Why Segregation is a Mindset Issue First
Policies,
bins, and trucks matter, but they fail without behaviour change.
Studies show that knowledge alone does not lead to
improved waste practices; attitudes,
convenience, and social norms play a decisive role in whether households
segregate waste (Guerrero, Maas & Hogland, 2013). In many cases, even
where infrastructure exists, low participation undermines system efficiency.
This
means real change requires:
- Reframing waste as
value (organic waste =
fertilizer, plastics = income)
- Normalising sorting
at the household level
- Building community
norms and accountability
In cities
where segregation becomes “what everyone does,” adoption accelerates.
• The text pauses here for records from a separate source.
lemma is_norm_unit_ball:
  fixes N :: "'a::euclidean_space \<Rightarrow> real"
  assumes "is_norm N"
  shows "compact {y. N y \<le> 1}" and "convex {y. N y \<le> 1}"
proof -
  obtain c where "c > 0" and c: "\<And>x. c * norm x \<le> N x"
    using is_norm_ge_mult_norm[OF assms] by blast
  have "bounded {y. N y \<le> 1}"
    unfolding bounded_iff using c \<open>c > 0\<close> by (metis dual_order.trans mem_Collect_eq pos_le_divide_eq mult.commute)
  moreover have "closed {y. N y \<le> 1}"
    by (rule closed_Collect_le[OF is_norm_continuous_on[OF assms] continuous_on_const])
  ultimately show "compact {y. N y \<le> 1}"
    by (simp add: compact_eq_bounded_closed)
  show "convex {y. N y \<le> 1}"
  proof (rule convexI)
    fix x y :: 'a and u v :: real
    assume "x \<in> {y. N y \<le> 1}" "y \<in> {y. N y \<le> 1}" "0 \<le> u" "0 \<le> v" "u + v = 1"
    then have "u * N x + v * N y \<le> 1"
      by (metis add_mono mult_left_mono mult.right_neutral mem_Collect_eq)
    then show "u *\<^sub>R x + v *\<^sub>R y \<in> {y. N y \<le> 1}"
      using is_norm_triangle[OF assms, of "u *\<^sub>R x" "v *\<^sub>R y"] \<open>0 \<le> u\<close> \<open>0 \<le> v\<close>
      by (simp add: is_norm_scaleR[OF assms])
  qed
qed

section \<open>Polyhedral norms and the duality map\<close>

text \<open>Unlike the usual notion of a norming set, the norm of every vector must be attained,
  not merely approximated.\<close>
definition norming_set :: "('a::real_vector \<Rightarrow> real) \<Rightarrow> ('a \<Rightarrow> real) set \<Rightarrow> bool" where
  "norming_set N \<Psi> \<longleftrightarrow> \<Psi> \<subseteq> dual_ball N \<and> (\<forall>x. \<exists>\<psi>\<in>\<Psi>. \<psi> x = N x)"

lemma dual_ball_linear: "\<phi> \<in> dual_ball N \<Longrightarrow> linear \<phi>"
  unfolding dual_ball_def by auto

lemma dual_ball_le: "\<phi> \<in> dual_ball N \<Longrightarrow> \<phi> x \<le> N x"
  unfolding dual_ball_def by (auto dest: abs_le_D1)
lemma Jac_has_derivative:
  assumes t: "t \<in> {0..T}"
  shows "((\<lambda>y. Jac y t) has_derivative blinfun_apply (Hess x t)) (at x)"
  unfolding has_derivative_at_alt
proof (intro conjI allI impI blinfun.bounded_linear_right)
  fix \<epsilon> :: real assume "\<epsilon> > 0"
  define E where "E = exp (K * T)"
  define C where "C = K * K * E^4 * T + K * E^3"
  have "1 \<le> E" "0 \<le> C" unfolding C_def E_def using K_pos T_pos by auto
  define \<omega> where "\<omega> = \<epsilon> / (2 * T * E^3)"
  have "\<omega> > 0" unfolding \<omega>_def using \<open>\<epsilon> > 0\<close> T_pos \<open>1 \<le> E\<close> by simp
  obtain \<delta> where "\<delta> > 0" and \<delta>: "\<forall>s\<in>{0..T}. \<forall>z. norm (z - \<phi> s x) < \<delta> \<longrightarrow>
      norm (sD (sD (B (\<xi> s))) z - sD (sD (B (\<xi> s))) (\<phi> s x)) < \<omega>"
    using uniform_modulus_along_path[OF compact_Icc continuous_on_field_deriv2 continuous_on_flow \<open>\<omega> > 0\<close>]
    by blast
  define d where "d = min (\<delta> / E) (\<epsilon> / (2 * T * E * C + 1))"
  have "0 < 2 * T * E * C + 1" using T_pos \<open>1 \<le> E\<close> \<open>0 \<le> C\<close> by (simp add: add_nonneg_pos)
  then have "d > 0" unfolding d_def using \<open>\<delta> > 0\<close> \<open>1 \<le> E\<close> \<open>\<epsilon> > 0\<close> by simp
  show "\<exists>d>0. \<forall>y. norm (y - x) < d \<longrightarrow> norm (Jac y t - Jac x t - Hess x t (y - x)) \<le> \<epsilon> * norm (y - x)"
  proof (intro exI[of _ d] conjI allI impI \<open>d > 0\<close>)
    fix y assume "norm (y - x) < d"
    then have "E * norm (y - x) < \<delta>"
      using \<open>1 \<le> E\<close> unfolding d_def by (simp add: field_simps)
    then have "norm (Jac y t - Jac x t - Hess x t (y - x))
        \<le> (E^2 * \<omega> * norm (y - x) + C * norm (y - x)^2) * T * E"
      unfolding C_def E_def using \<delta> by (intro Jac_remainder_le[OF t] less_imp_le) auto
    also have "\<dots> = (T * E^3 * \<omega>) * norm (y - x) + (T * E * C * norm (y - x)) * norm (y - x)"
      by (simp add: power2_eq_square power3_eq_cube algebra_simps)
    also have "\<dots> \<le> (\<epsilon> / 2) * norm (y - x) + (\<epsilon> / 2) * norm (y - x)"
    proof (rule add_mono)
      show "(T * E^3 * \<omega>) * norm (y - x) \<le> (\<epsilon> / 2) * norm (y - x)"
        unfolding \<omega>_def using T_pos \<open>1 \<le> E\<close> by simp
      have "(2 * T * E * C + 1) * norm (y - x) < \<epsilon>"
        using \<open>norm (y - x) < d\<close> \<open>0 < 2 * T * E * C + 1\<close> unfolding d_def by (simp add: field_simps)
      moreover have "(2 * T * E * C + 1) * norm (y - x) = 2 * (T * E * C * norm (y - x)) + norm (y - x)"
        by (simp add: algebra_simps)
      ultimately have "2 * (T * E * C * norm (y - x)) \<le> \<epsilon>"
        using norm_ge_zero[of "y - x"] by linarith
      then show "(T * E * C * norm (y - x)) * norm (y - x) \<le> (\<epsilon> / 2) * norm (y - x)"
        by (intro mult_right_mono) auto
    qed
    finally show "norm (Jac y t - Jac x t - Hess x t (y - x)) \<le> \<epsilon> * norm (y - x)" by simp
  qed
qed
A People-Centred Way Forward
Back in Kampala, imagine if Aisha changed one
habit—just one. She separates her banana peels. Her neighbour notices. Soon, a
collector starts buying plastics in the area. A small ecosystem begins to form.
This is how transformation happens—not through
policies alone, but through people.
East Africa does not just need better waste
systems. It needs a cultural shift.
Because the future of its cities will not be
determined by how much waste they produce—but by how people choose to see it.
References
- Ellen MacArthur Foundation
(2019). Completing the Picture: How the Circular Economy Tackles
Climate Change.
- Guerrero, L.A., Maas, G.,
& Hogland, W. (2013). Solid waste management challenges for cities
in developing countries. Waste Management.
- Kampala Capital City
Authority (KCCA) (2022). Solid Waste Management Status Report.
- National Environment
Management Authority (NEMA Uganda) (2020). State of the Environment
Report.
- UN-Habitat (2020). Waste
Wise Cities Tool.
- United Nations Environment
Programme (UNEP) (2015). Global Waste Management Outlook.
- World Bank (2018). What a
Waste 2.0: A Global Snapshot of Solid Waste Management.